Letting the bull loose

People walking outside the New York Stock Exchange.
People walking outside the New York Stock Exchange. Michael Nagle/Bloomberg via Getty Images

The smartest insight and analysis, from all perspectives, rounded up from around the web:

The bull market is back, said Nicole Goodkind at CNN. As of early this week, the S&P 500 had rebounded more than 20% since its most recent low, reached in October 2022. That means "Wall Street is feeling bullish again." It's been a long nine months, but "markets have remained surprisingly resilient," and many of last year's big losers "like tech and media have bounced back from a disastrous year on hope that the worst is over." Excitement over innovations in AI has also "fueled interest in tech stocks, which dominate the S&P." Markets gained more momentum following "the end of the debt-ceiling crisis and a recent string of strong economic readings" showing continued jobs creation while inflation is receding. Optimism is still growing. In the 16 times since 1989 when the Federal Reserve skipped or announced a stop to its rate-hike campaign, "the S&P rose an average 3.6% and gained in price 88% of the time."

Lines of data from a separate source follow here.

lemma
  assumes "prob_space M" "sets M = sets borel" "AE x in M. 0 \<le> x"
    and c: "\<And>i. 0 \<le> c i" and "finite I"
  shows integrable_prod_min: "integrable (PiM I (\<lambda>_. M)) (\<lambda>hz. \<Prod>i\<in>I. min 1 (hz i * c i))"
    and integral_prod_min:
      "(\<integral>hz. (\<Prod>i\<in>I. min 1 (hz i * c i)) \<partial>PiM I (\<lambda>_. M)) = (\<Prod>i\<in>I. expected_min M (c i))"
proof -
  interpret prob_space M by fact
  interpret product_sigma_finite "\<lambda>_. M"
    by (simp add: product_sigma_finite_def sigma_finite_measure_axioms)
  have "integrable M (\<lambda>x. min 1 (x * c i))" for i
  proof (rule integrable_const_bound[where B=1])
    show "AE x in M. norm (min 1 (x * c i)) \<le> 1"
      using assms(3) by eventually_elim (use c[of i] in auto)
    show "(\<lambda>x. min 1 (x * c i)) \<in> borel_measurable M"
      using assms(2) by (rule min_scaled_borel_measurable)
  qed
  then show "integrable (PiM I (\<lambda>_. M)) (\<lambda>hz. \<Prod>i\<in>I. min 1 (hz i * c i))"
    and "(\<integral>hz. (\<Prod>i\<in>I. min 1 (hz i * c i)) \<partial>PiM I (\<lambda>_. M)) = (\<Prod>i\<in>I. expected_min M (c i))"
    using product_integrable_prod[OF \<open>finite I\<close>, of "\<lambda>i x. min 1 (x * c i)"]
      product_integral_prod[OF \<open>finite I\<close>, of "\<lambda>i x. min 1 (x * c i)"]
    by (simp_all add: expected_min_def)
qed

text \<open>An almost-everywhere bound by an integrable function bounds the integral; if f is not
  integrable its integral is 0 and the bound holds trivially.\<close>
lemma abs_integral_le_AE_bound:
  fixes f g :: "'a \<Rightarrow> real"
  assumes bound: "AE x in N. \<bar>f x\<bar> \<le> g x" and g: "integrable N g"
  shows "\<bar>\<integral>x. f x \<partial>N\<bar> \<le> (\<integral>x. g x \<partial>N)"
proof (cases "integrable N f")
  case True
  have "\<bar>\<integral>x. f x \<partial>N\<bar> \<le> (\<integral>x. \<bar>f x\<bar> \<partial>N)" using integral_norm_bound[of N f] by simp
  also have "\<dots> \<le> (\<integral>x. g x \<partial>N)" using True g bound by (intro integral_mono_AE) auto
  finally show ?thesis .
next
  case False
  have "0 \<le> (\<integral>x. g x \<partial>N)" using bound by (intro integral_nonneg_AE) auto
  then show ?thesis using not_integrable_integral_eq[OF False] by simp
qed

definition weighted_derivative_norm :: "(nat \<Rightarrow> real \<Rightarrow> real) \<Rightarrow> nat \<Rightarrow> real" where
  "weighted_derivative_norm Fd n = Max ((\<lambda>k. 2 ^ (n - k) * supnorm0 (Fd k)) ` {0..n})"

lemma supnorm0_bound:
  assumes "bounded (f ` {0..})" "0 \<le> t"
  shows "\<bar>f t\<bar> \<le> supnorm0 f"
proof -
  obtain K where "\<forall>x\<in>f ` {0..}. \<bar>x\<bar> \<le> K" using assms(1) bounded_real by blast
  then have "bdd_above ((\<lambda>x. \<bar>f x\<bar>) ` {0..})" by (auto intro!: bdd_aboveI[of _ K])
  then show ?thesis unfolding supnorm0_def by (rule cSUP_upper[rotated]) (use assms in simp)
qed

lemma weighted_derivative_norm_ge:
  "k \<le> n \<Longrightarrow> 2 ^ (n - k) * supnorm0 (Fd k) \<le> weighted_derivative_norm Fd n"
  unfolding weighted_derivative_norm_def by (rule Max_ge) auto

lemma weighted_derivative_norm_nonneg:
  assumes "bounded (Fd 0 ` {0..})"
  shows "0 \<le> weighted_derivative_norm Fd n"
proof -
  have "0 \<le> 2 ^ (n - 0) * supnorm0 (Fd 0)"
    using supnorm0_bound[OF assms, of 0] by simp
  also have "\<dots> \<le> weighted_derivative_norm Fd n" by (rule weighted_derivative_norm_ge) simp
  finally show ?thesis .
qed

lemma expansion_sum_eq_fdiff:
  "(\<Sum>j=0..n. (-1) ^ (n - j) * (\<Sum>Q\<in>{Q. Q \<subseteq> {1..n} \<and> card Q = j}. g (x + (\<Sum>i\<in>Q. b i))))
     = fdiff g b {1..n} x"
proof -
  have card_le: "card ` Pow {1..n} \<subseteq> {0..n}"
    using card_mono[of "{1..n}"] by fastforce
  have "fdiff g b {1..n} x
      = (\<Sum>j=0..n. \<Sum>Q\<in>{Q \<in> Pow {1..n}. card Q = j}. (-1) ^ (n - card Q) * g (x + (\<Sum>i\<in>Q. b i)))"
    unfolding fdiff_def by (subst sum.group[OF _ _ card_le, symmetric]) simp_all
  also have "\<dots> = (\<Sum>j=0..n. (-1) ^ (n - j) * (\<Sum>Q\<in>{Q. Q \<subseteq> {1..n} \<and> card Q = j}. g (x + (\<Sum>i\<in>Q. b i))))"
    by (auto simp: sum_distrib_left intro!: sum.cong)
  finally show ?thesis by simp
qed

text \<open>Pointwise bound on the alternating sum: apply the forward difference estimate with T the
  set of directions whose increment is at most 1.\<close>
lemma expansion_sum_bound:
  fixes Fd :: "nat \<Rightarrow> real \<Rightarrow> real" and b :: "nat \<Rightarrow> real"
  assumes Fd_deriv: "\<And>k t. 0 \<le> t \<Longrightarrow> (Fd k has_real_derivative Fd (Suc k) t) (at t within {0..})"
    and Fd_bounded: "\<And>k. k \<le> n \<Longrightarrow> bounded (Fd k ` {0..})"
    and b: "\<And>i. i \<in> {1..n} \<Longrightarrow> 0 \<le> b i" and x: "0 \<le> x"
  shows "\<bar>\<Sum>j=0..n. (-1) ^ (n - j) * (\<Sum>Q\<in>{Q. Q \<subseteq> {1..n} \<and> card Q = j}. Fd 0 (x + (\<Sum>i\<in>Q. b i)))\<bar>
     \<le> weighted_derivative_norm Fd n * (\<Prod>i\<in>{1..n}. min 1 (b i))"
proof -
  define T where "T = {i \<in> {1..n}. b i \<le> 1}"
  have "T \<subseteq> {1..n}" unfolding T_def by auto
  then have card_T: "card T \<le> n" using card_mono[of "{1..n}" T] by simp
  have "\<bar>fdiff (Fd 0) b {1..n} x\<bar> \<le> 2 ^ (n - card T) * supnorm0 (Fd (card T)) * (\<Prod>i\<in>T. b i)"
    using fdiff_bound[where Fd=Fd and k=0 and B="\<lambda>j. supnorm0 (Fd j)", OF Fd_deriv supnorm0_bound[OF Fd_bounded]
        _ b \<open>T \<subseteq> {1..n}\<close> _ x] card_T by simp
  also have "(\<Prod>i\<in>T. b i) = (\<Prod>i\<in>{1..n}. min 1 (b i))"
    unfolding T_def prod.inter_filter[OF finite_atLeastAtMost] by (rule prod.cong) auto
  also have "2 ^ (n - card T) * supnorm0 (Fd (card T)) * (\<Prod>i\<in>{1..n}. min 1 (b i))
      \<le> weighted_derivative_norm Fd n * (\<Prod>i\<in>{1..n}. min 1 (b i))"
    using b card_T by (intro mult_right_mono weighted_derivative_norm_ge prod_nonneg) auto
  finally show ?thesis by (simp only: expansion_sum_eq_fdiff)
qed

It's too soon to call this a bull, said Jeff Sommer in The New York Times. There's no "official" definition, but Howard Silverblatt, a senior index analyst at S&P Dow Jones Indices, is "as official as anyone in the markets," and he's not declaring a bull market "until after the index matches its last peak of 4,795.56, on Jan. 3, 2022." Beyond the semantics, "if a bull market means to you that stocks are trending unequivocally upward," then you are probably engaging in some magical thinking. Most of the S&P's rise this year is attributed to seven heavily weighted stocks that are flying high: Apple, Microsoft, Nvidia, Amazon, Meta, Google, and Tesla, said Brett Arends in MarketWatch. "But most of the rest of the S&P 500 isn't in a bull market. Far from it." In fact, "about a quarter of the stocks in the index are still lower today" than they were at the market's bottom last year, including economic bellwether names like Southwest Airlines, UnitedHealth, Disney, Bank of America, Walgreens, and CVS. Can the tide really be rising if it lifts a few boats but not the others?

Yes, it can, because there are plenty of "encouraging signs the rally has legs" and will sweep along the rest of the market, said Hardika Singh in The Wall Street Journal. "Worries about a potential recession have eased of late. Employers are still hiring aggressively, consumers are spending freely," and both housing and banking are stabilizing. And while the top-heavy market has been a concern, the breadth of the rally has improved, with turnarounds in stocks like Eli Lilly (up 22% this year), General Electric (32%) and Berkshire Hathaway (12%). Call it the "Timex economy," said Neil Irwin in Axios. "For 18 months, there has been steadily rising anxiety about the U.S. economy." With good reason — the Fed has raised interest rates from near-zero to above 5%, three banks failed, and there was a debt-ceiling standoff. "Despite it all, the unemployment rate" has remained at a record low, and the S&P 500 is now only 10% off its record high. This economy "takes a licking and keeps on ticking."